System architecture for a Z380 TRS-80 compatible.

[pjhacnau]

I would go with a design similar to the Model 16 where there is a small window (32K) of shared RAM between the Z80 and the 68K. But such a design is far more complicated than I realisticallyhave time to do. A small RC2014 Z380 with simple 4P hardware compatibility is within my time budget, cost budget, and skill level to actually get done. I'm tired of just talking about it; I want to play with the hardware already.

So to add (yet another) 2c+GST - start playing! I know what I 'd like, and I also know that I'll never get round to doing it. And I can't force anyone else to do it. So: make a final call, start working on it. I'm happy to come along for the ride as best I can.

[Added] Just one last question: I think you were talking about the enhanced RC2014 bus - correct?

PJH

[lowen]

So to add (yet another) 2c+GST - start playing! I know what I 'd like, and I also know that I'll never get round to doing it. And I can't force anyone else to do it. So: make a final call, start working on it. I'm happy to come along for the ride as best I can.

Yeah, I think I have a good path forward with some interest by more people than just me who can do the work.

[Added] Just one last question: I think you were talking about the enhanced RC2014 bus - correct?

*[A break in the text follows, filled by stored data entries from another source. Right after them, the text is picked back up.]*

text \<open>As in \<open>lift1\<close> and \<open>lift2\<close>: the outer variable is \<open>z\<^sub>1\<^sup>-\<^sup>1\<close>, the coefficients are
  Laurent series in \<open>z\<^sub>2\<^sup>-\<^sup>1\<close>.\<close>
definition fps_to_fls_coeffs :: "'a::comm_ring_1 fps fps \<Rightarrow> 'a fls fps" where
  "fps_to_fls_coeffs G = Abs_fps (\<lambda>m. fps_to_fls (G $ m))"

definition fls_const_coeffs :: "'a::comm_ring_1 fps \<Rightarrow> 'a fls fps" where
  "fls_const_coeffs E = Abs_fps (\<lambda>n. fls_const (E $ n))"

lemma fps_to_fls_coeffs_nth [simp]: "fps_to_fls_coeffs G $ m = fps_to_fls (G $ m)"
  by (simp add: fps_to_fls_coeffs_def)

lemma fls_const_coeffs_nth [simp]: "fls_const_coeffs E $ m = fls_const (E $ m)"
  by (simp add: fls_const_coeffs_def)

lemma fps_to_fls_sum: "fps_to_fls (sum f S) = (\<Sum>i\<in>S. fps_to_fls (f i))"
  by (induct S rule: infinite_finite_induct) simp_all

lemma fps_to_fls_coeffs_power: "fps_to_fls_coeffs (G ^ k) = fps_to_fls_coeffs G ^ k"
proof (induct k)
  case (Suc k)
  then show ?case
    by (simp add: fps_eq_iff fps_mult_nth fps_to_fls_sum fls_times_fps_to_fls)
qed (simp add: fps_eq_iff)

lemma fps_deriv_fls_const_coeffs: "fps_deriv (fls_const_coeffs E) = fls_const_coeffs (fps_deriv E)"
  by (simp add: fps_eq_iff fls_of_nat flip: fls_const_mult_const)

lemma fps_X_times_deriv_nth: "(fps_X * fps_deriv A) $ n = (if n = 0 then 0 else of_nat n * A $ n)"
  by (cases n) simp_all

lemma fps_to_fls_coeffs_ser_exp2:
  fixes G :: "'a::{comm_ring_1,real_algebra_1} fps fps"
  assumes G0: "G $ 0 = 0"
  shows "fps_to_fls_coeffs (ser_exp2 G) = fls_const_coeffs exp_series oo fps_to_fls_coeffs G"
proof (rule fps_ext)
  fix m
  have "ser_exp2 G $ m = (\<Sum>k\<le>m. fps_const (exp_series $ k) * (G ^ k) $ m)"
  proof (rule fps_ext)
    fix n
    have "ser_exp2 G $ m $ n = (\<Sum>k\<le>m+n. exp_series $ k * (G ^ k $ m $ n))"
      by (simp add: ser_exp2_def exp_series_def scaleR_conv_of_real)
    also have "\<dots> = (\<Sum>k\<le>m. exp_series $ k * (G ^ k $ m $ n))"
      by (rule sum.mono_neutral_right) (use startsby_zero_power_prefix[OF G0] in auto)
    finally show "ser_exp2 G $ m $ n = (\<Sum>k\<le>m. fps_const (exp_series $ k) * (G ^ k) $ m) $ n"
      by (simp add: fps_sum_nth)
  qed
  then show "fps_to_fls_coeffs (ser_exp2 G) $ m = (fls_const_coeffs exp_series oo fps_to_fls_coeffs G) $ m"
    by (simp add: fps_compose_nth atLeast0AtMost fps_to_fls_sum fls_times_fps_to_fls
        flip: fps_to_fls_coeffs_power)
qed

section \<open>The generating series of the \<open>\<tau>\<close>-function\<close>

locale dispersionless_tau =
  fixes Ds :: "'a::{comm_ring_1,real_algebra_1} \<Rightarrow> 'a"
    and Dt :: "nat \<Rightarrow> 'a \<Rightarrow> 'a"
    and F :: 'a
    and L :: "'a fls"
  assumes derivation_s: "derivation Ds"
    and derivation_t: "\<And>n. n \<ge> 1 \<Longrightarrow> derivation (Dt n)"
    and s_t_commute: "\<And>n a. n \<ge> 1 \<Longrightarrow> Ds (Dt n a) = Dt n (Ds a)"
    and t_t_commute: "\<And>m n a. m \<ge> 1 \<Longrightarrow> n \<ge> 1 \<Longrightarrow> Dt m (Dt n a) = Dt n (Dt m a)"
    and bilinear: "bilinear_identity Ds Dt F"
    and L_inverse: "formal_inverse_of (kser Ds Dt F) L"
begin

abbreviation E :: "'a fps" where "E \<equiv> kser Ds Dt F"

abbreviation Dx :: "'a \<Rightarrow> 'a" where "Dx \<equiv> Dt 1"

lemma derivation_x: "derivation Dx"
  by (rule derivation_t) simp

lemma L_nth_minus_1: "L $$ (-1) = 1" and L_nth_below: "j < -1 \<Longrightarrow> L $$ j = 0"
  using L_inverse by (simp_all add: formal_inverse_of_def)

definition U :: "'a fps" where
  "U = fls_regpart (fls_shift (-1) L)"

lemma L_eq: "L = fls_X_inv * fps_to_fls U"
proof (rule fls_eqI)
  fix n
  show "L $$ n = (fls_X_inv * fps_to_fls U) $$ n"
  proof (cases "n < -1")
    case True
    then show ?thesis by (simp add: fls_X_inv_times_conv_shift L_nth_below)
  next
    case False
    then have "int (nat (n + 1)) - 1 = n" by simp
    then show ?thesis using False by (simp add: fls_X_inv_times_conv_shift U_def)
  qed
qed

definition V :: "'a fps" where
  "V = (SOME V. U * V = 1 \<and> L * fps_to_fls (E oo (fps_X * V)) = fls_X_inv)"

text \<open>\<open>W = 1/L\<close> as a power series in \<open>X = k\<^sup>-\<^sup>1\<close>.\<close>
definition W :: "'a fps" where
  "W = fps_X * V"

definition at_W :: "'a fps \<Rightarrow> 'a fls" where
  "at_W B = fps_to_fls (B oo W)"

lemma U_times_V: "U * V = 1" and L_times_E_at_W: "L * at_W E = fls_X_inv"
proof -
  have "\<exists>V. U * V = 1 \<and> L * fps_to_fls (E oo (fps_X * V)) = fls_X_inv"
    using L_inverse by (simp add: formal_inverse_of_def U_def)
  then have "U * V = 1 \<and> L * fps_to_fls (E oo (fps_X * V)) = fls_X_inv"
    unfolding V_def by (rule someI_ex)
  then show "U * V = 1" "L * at_W E = fls_X_inv"
    by (simp_all add: W_def at_W_def)
qed

lemma W_0: "W $ 0 = 0"
  by (simp add: W_def)

lemma L_times_W: "L * fps_to_fls W = 1"
proof -
  have "L * fps_to_fls W = fls_X_inv * fps_to_fls U * fps_to_fls W"
    using arg_cong[where f = "\<lambda>x. x * fps_to_fls W", OF L_eq] .
  also have "\<dots> = (fls_X * fls_X_inv) * fps_to_fls (U * V)"
    by (simp add: W_def fls_times_fps_to_fls mult_ac)
  finally show ?thesis
    by (simp add: fls_X_times_X_inv U_times_V)
qed

sublocale laurent_substitution W L
  by unfold_locales (rule W_0, rule L_times_W)

definition F_st :: "nat \<Rightarrow> 'a" where
  "F_st n = Ds (Dt n F)"

definition h :: "'a fps" where
  "h = Abs_fps (\<lambda>n. if n = 0 then 0 else (1 / real n) *\<^sub>R Dt n F)"

definition h_t :: "nat \<Rightarrow> 'a fps" where
  "h_t m = fps_cmap (Dt m) h"

definition logE :: "'a fps" where
  "logE = Abs_fps (\<lambda>n. if n = 0 then 0 else - ((1 / real n) *\<^sub>R Ds (Dt n F)))"

lemma logE_0: "logE $ 0 = 0"
  by (simp add: logE_def)

lemma E_eq: "E = exp_series oo logE"
  by (simp add: kser_def ser_exp_eq_compose logE_def)

lemma E_0: "E $ 0 = 1"
  by (simp add: E_eq exp_series_def)

lemma fps_deriv_E: "fps_deriv E = fps_deriv logE * E"
  unfolding E_eq by (rule fps_deriv_compose_exp_like[OF fps_deriv_exp_series logE_0])

lemma fps_cmap_E: "derivation D \<Longrightarrow> fps_cmap D E = fps_cmap D logE * E"
  unfolding E_eq by (rule fps_cmap_compose_exp_series[OF _ logE_0])

lemma logE_eq: "logE = - fps_cmap Ds h"
  by (simp add: fps_eq_iff logE_def h_def derivation_scaleR[OF derivation_s] derivation_s)

lemma h_t_nth: "m \<ge> 1 \<Longrightarrow> h_t m $ n = (if n = 0 then 0 else (1 / real n) *\<^sub>R Dt m (Dt n F))"
  by (simp add: h_t_def h_def derivation_scaleR[OF derivation_t] derivation_t)

lemma h_t_0: "m \<ge> 1 \<Longrightarrow> h_t m $ 0 = 0"
  by (simp add: h_t_nth)

subsection \<open>The bilinear identity as a logarithmic derivative\<close>

text \<open>Multiplied by \<open>X = z\<^sub>1\<^sup>-\<^sup>1\<close>, the bilinear identity reads \<open>Pb = Qb \<cdot> exp Gam\<close>, where the
  coefficients of these power series in \<open>X\<close> are Laurent series in \<open>z\<^sub>2\<^sup>-\<^sup>1\<close>.\<close>
definition zE :: "'a fls" where
  "zE = fls_X_inv * fps_to_fls E"

definition Pb :: "'a fls fps" where
  "Pb = fls_const_coeffs E - fps_X * fps_const zE"

definition Qb :: "'a fls fps" where
  "Qb = 1 - fps_X * fps_const fls_X_inv"

definition Gam :: "'a fls fps" where
  "Gam = fps_to_fls_coeffs (Gser Dt F)"

definition geom :: "'a fls fps" where
  "geom = Abs_fps (\<lambda>m. if m = 0 then 0 else fls_X_inv ^ m)"

definition Psi :: "'a fls fps" where
  "Psi = Abs_fps (\<lambda>m. if m = 0 then 0 else fls_X_inv ^ m - fps_to_fls (h_t m))"

lemma Gser_0: "Gser Dt F $ 0 = 0"
  by (simp add: Gser_def fps_eq_iff)

lemma Gam_0: "Gam $ 0 = 0"
  by (simp add: Gam_def Gser_0)

lemma bilinear_factorization: "Pb = Qb * (fls_const_coeffs exp_series oo Gam)"
proof -
  define Om where "Om = fls_const_coeffs exp_series oo Gam"
  have bil: "fls_X_inv * fps_to_fls (fls_const_coeffs E) - fls_const zE
      = (fls_X_inv - fls_const fls_X_inv) * fps_to_fls Om"
    using bilinear fps_to_fls_coeffs_ser_exp2[OF Gser_0]
    by (simp add: bilinear_identity_def lift1_def lift2_def fls_const_coeffs_def
        fps_to_fls_coeffs_def Gam_def zE_def Om_def)
  have "fps_to_fls Pb = (fls_X * fls_X_inv) * fps_to_fls (fls_const_coeffs E) - fls_X * fls_const zE"
    by (simp add: Pb_def fls_times_fps_to_fls fls_X_times_X_inv)
  also have "\<dots> = fls_X * (fls_X_inv * fps_to_fls (fls_const_coeffs E) - fls_const zE)"
    by (simp only: right_diff_distrib mult.assoc)
  also have "\<dots> = ((fls_X * fls_X_inv) - fls_X * fls_const fls_X_inv) * fps_to_fls Om"
    by (simp only: bil mult.assoc[symmetric] right_diff_distrib)
  also have "\<dots> = fps_to_fls (Qb * Om)"
    by (simp add: Qb_def fls_times_fps_to_fls fls_X_times_X_inv)
  finally show ?thesis
    by (simp add: Om_def)
qed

Yes. I have personally already ordered a couple of different backplanes from Steve Cousins. These are full 80-pin buses, and are very reasonably priced.

I'm hopeful that the modularity will make it quicker to get real hardware built.

[lowen]

Yeah, I think I have a good path forward with some interest by more people than just me who can do the work.

I know, replying to myself is bad form... but I forgot to mention, thanks to both my coffee not having kicked in AND having to type on my phone that I want to thank EVERYONE who has participated in the discussion; I've ended up deciding to go a completely different direction than I thought I would, at least for the first phase of this.

[whartung]

The linked RC2014 card above uses a Raspberry Pi Zero, and essentially all it does is DMA. (It uses some external hardware glue to regularly pause the attached Z80 with the WAIT lines and block-copy bytes to and from RAM; that's how it handles things like TRS-80 keyboard emulation in addition to the memory-mapped video, it copies a bitmap of the keyboard matrix into RAM mapped where a TRS-80 has the real thing.)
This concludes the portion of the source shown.